1 2 3 Ananthaswamy, Anil (2024-04-12). "How Do Machines 'Grok' Data?". Quanta Magazine. Retrieved 2025-01-21.
↑ Pearce, Adam; Ghandeharioun, Asma; Hussein, Nada; Thain, Nithum; Wattenberg, Martin; Dixon, Lucas. "Do Machine Learning Models Memorize or Generalize?". pair.withgoogle.com. Retrieved 2024-06-04.
↑ Power, Alethea; Burda, Yuri; Edwards, Harri; Babuschkin, Igor; Misra, Vedant (2022-01-06). "Grokking: Generalization Beyond Overfitting on Small Algorithmic Datasets". arXiv: 2201.02177 [cs.LG].
↑ Minegishi, Gouki; Iwasawa, Yusuke; Matsuo, Yutaka (2024-05-09). "Bridging Lottery ticket and Grokking: Is Weight Norm Sufficient to Explain Delayed Generalization?". arXiv: 2310.19470 [cs.LG].
↑ Liu, Ziming; Kitouni, Ouail; Nolte, Niklas; Michaud, Eric J.; Tegmark, Max; Williams, Mike (2022). "Towards Understanding Grokking: An Effective Theory of Representation Learning". In Koyejo, Sanmi; Mohamed, S.; Agarwal, A.; Belgrave, Danielle; Cho, K.; Oh, A. (eds.). Advances in Neural Information Processing Systems 35: Annual Conference on Neural Information Processing Systems 2022, NeurIPS 2022, New Orleans, LA, USA, November 28 – December 9, 2022. arXiv: 2205.10343 .
↑ Fan, Simin; Pascanu, Razvan; Jaggi, Martin (2024-05-29). "Deep Grokking: Would Deep Neural Networks Generalize Better?". arXiv: 2405.19454 [cs.LG].
↑ Miller, Jack; O'Neill, Charles; Bui, Thang (2024-03-31). "Grokking Beyond Neural Networks: An Empirical Exploration with Model Complexity". arXiv: 2310.17247 [cs.LG].
1 2 Liu, Ziming; Michaud, Eric J.; Tegmark, Max (2023). "Omnigrok: Grokking Beyond Algorithmic Data". The Eleventh International Conference on Learning Representations, ICLR 2023, Kigali, Rwanda, May 1–5, 2023. OpenReview.net. arXiv: 2210.01117 .
↑ Samothrakis, Spyridon; Matran-Fernandez, Ana; Abdullahi, Umar I.; Fairbank, Michael; Fasli, Maria (2022). "Grokking-like effects in counterfactual inference". International Joint Conference on Neural Networks, IJCNN 2022, Padua, Italy, July 18-23, 2022. IEEE. pp. 1–8. doi:10.1109/IJCNN55064.2022.9891910. ISBN 978-1-7281-8671-9.
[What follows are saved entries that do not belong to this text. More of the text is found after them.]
lemma norm_S_sum_bound_mult_coprime:
  fixes a :: "int^'n^'n" and e :: nat
  assumes "coprime m\<^sub>1 m\<^sub>2" "m\<^sub>1 > 0" "m\<^sub>2 > 0"
    and bound\<^sub>1: "\<And>b :: int^'n^'n. cmod (S_sum m\<^sub>1 b) \<le> real m\<^sub>1 ^ e * real_of_int (gcd_form b m\<^sub>1) ^ CARD('n)"
    and bound\<^sub>2: "\<And>b :: int^'n^'n. cmod (S_sum m\<^sub>2 b) \<le> real m\<^sub>2 ^ e * real_of_int (gcd_form b m\<^sub>2) ^ CARD('n)"
  shows "cmod (S_sum (m\<^sub>1 * m\<^sub>2) a) \<le> real (m\<^sub>1 * m\<^sub>2) ^ e * real_of_int (gcd_form a (m\<^sub>1 * m\<^sub>2)) ^ CARD('n)"
proof -
  obtain u v where uv: "u * int m\<^sub>1 + v * int m\<^sub>2 = 1"
    using bezout_int[of "int m\<^sub>1" "int m\<^sub>2"] assms(1) by auto
  let ?g\<^sub>1 = "gcd_form (scale_form v a) m\<^sub>1" and ?g\<^sub>2 = "gcd_form (scale_form u a) m\<^sub>2"
  have "?g\<^sub>1 * ?g\<^sub>2 \<le> gcd_form a (m\<^sub>1 * m\<^sub>2)"
    using gcd_form_scale_form_mult_dvd[OF assms(1) uv, of a] gcd_form_pos[of "m\<^sub>1 * m\<^sub>2" a] assms(2,3)
    by (intro zdvd_imp_le) simp_all
  then have g: "real_of_int ?g\<^sub>1 * real_of_int ?g\<^sub>2 \<le> real_of_int (gcd_form a (m\<^sub>1 * m\<^sub>2))"
    by (simp flip: of_int_mult)
  have "cmod (S_sum (m\<^sub>1 * m\<^sub>2) a) = cmod (S_sum m\<^sub>1 (scale_form v a)) * cmod (S_sum m\<^sub>2 (scale_form u a))"
    by (simp add: S_sum_mult_coprime[OF assms(1-3) uv] norm_mult)
  also have "\<dots> \<le> (real m\<^sub>1 ^ e * real_of_int ?g\<^sub>1 ^ CARD('n)) * (real m\<^sub>2 ^ e * real_of_int ?g\<^sub>2 ^ CARD('n))"
    using bound\<^sub>1 bound\<^sub>2 gcd_form_pos[OF assms(2), of "scale_form v a"] by (intro mult_mono) simp_all
  also have "\<dots> = real (m\<^sub>1 * m\<^sub>2) ^ e * (real_of_int ?g\<^sub>1 * real_of_int ?g\<^sub>2) ^ CARD('n)"
    by (simp add: power_mult_distrib)
  also have "\<dots> \<le> real (m\<^sub>1 * m\<^sub>2) ^ e * real_of_int (gcd_form a (m\<^sub>1 * m\<^sub>2)) ^ CARD('n)"
    using g gcd_form_pos[OF assms(2), of "scale_form v a"] gcd_form_pos[OF assms(3), of "scale_form u a"]
    by (intro mult_left_mono power_mono) simp_all
  finally show ?thesis .
qed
↑ Kumar, Tanishq; Bordelon, Blake; Gershman, Samuel J.; Pehlevan, Cengiz (2024-04-11), Grokking as the Transition from Lazy to Rich Training Dynamics, arXiv, doi:10.48550/arXiv.2310.06110, arXiv:2310.06110, retrieved 2025-02-17
↑ Lyu, Kaifeng; Jin, Jikai; Li, Zhiyuan; Du, Simon S.; Lee, Jason D.; Hu, Wei (2024-04-02), Dichotomy of Early and Late Phase Implicit Biases Can Provably Induce Grokking, arXiv, doi:10.48550/arXiv.2311.18817, arXiv:2311.18817, retrieved 2025-02-17
↑ Chizat, Lenaic; Oyallon, Edouard; Bach, Francis (2020-01-07), On Lazy Training in Differentiable Programming, arXiv, doi:10.48550/arXiv.1812.07956, arXiv:1812.07956, retrieved 2025-02-17
↑ Mohamadi, Mohamad Amin; Li, Zhiyuan; Wu, Lei; Sutherland, Danica J. (2024-07-17), Why Do You Grok? A Theoretical Analysis of Grokking Modular Addition, arXiv, doi:10.48550/arXiv.2407.12332, arXiv:2407.12332, retrieved 2025-02-17
↑ Thilak, Vimal; Littwin, Etai; Zhai, Shuangfei; Saremi, Omid; Paiss, Roni; Susskind, Joshua (2022-06-13), The Slingshot Mechanism: An Empirical Study of Adaptive Optimizers and the Grokking Phenomenon, arXiv, doi:10.48550/arXiv.2206.04817, arXiv:2206.04817, retrieved 2025-02-17
↑ Varma, Vikrant; Shah, Rohin; Kenton, Zachary; Kramár, János; Kumar, Ramana (2023-09-05), Explaining grokking through circuit efficiency, arXiv, doi:10.48550/arXiv.2309.02390, arXiv:2309.02390, retrieved 2025-02-17

This page is based on this Wikipedia article
Text is available under the CC BY-SA 4.0 license; additional terms may apply.
Images, videos and audio are available under their respective licenses.

[:0-1] 1 2 3 Ananthaswamy, Anil (2024-04-12). "How Do Machines 'Grok' Data?". Quanta Magazine. Retrieved 2025-01-21.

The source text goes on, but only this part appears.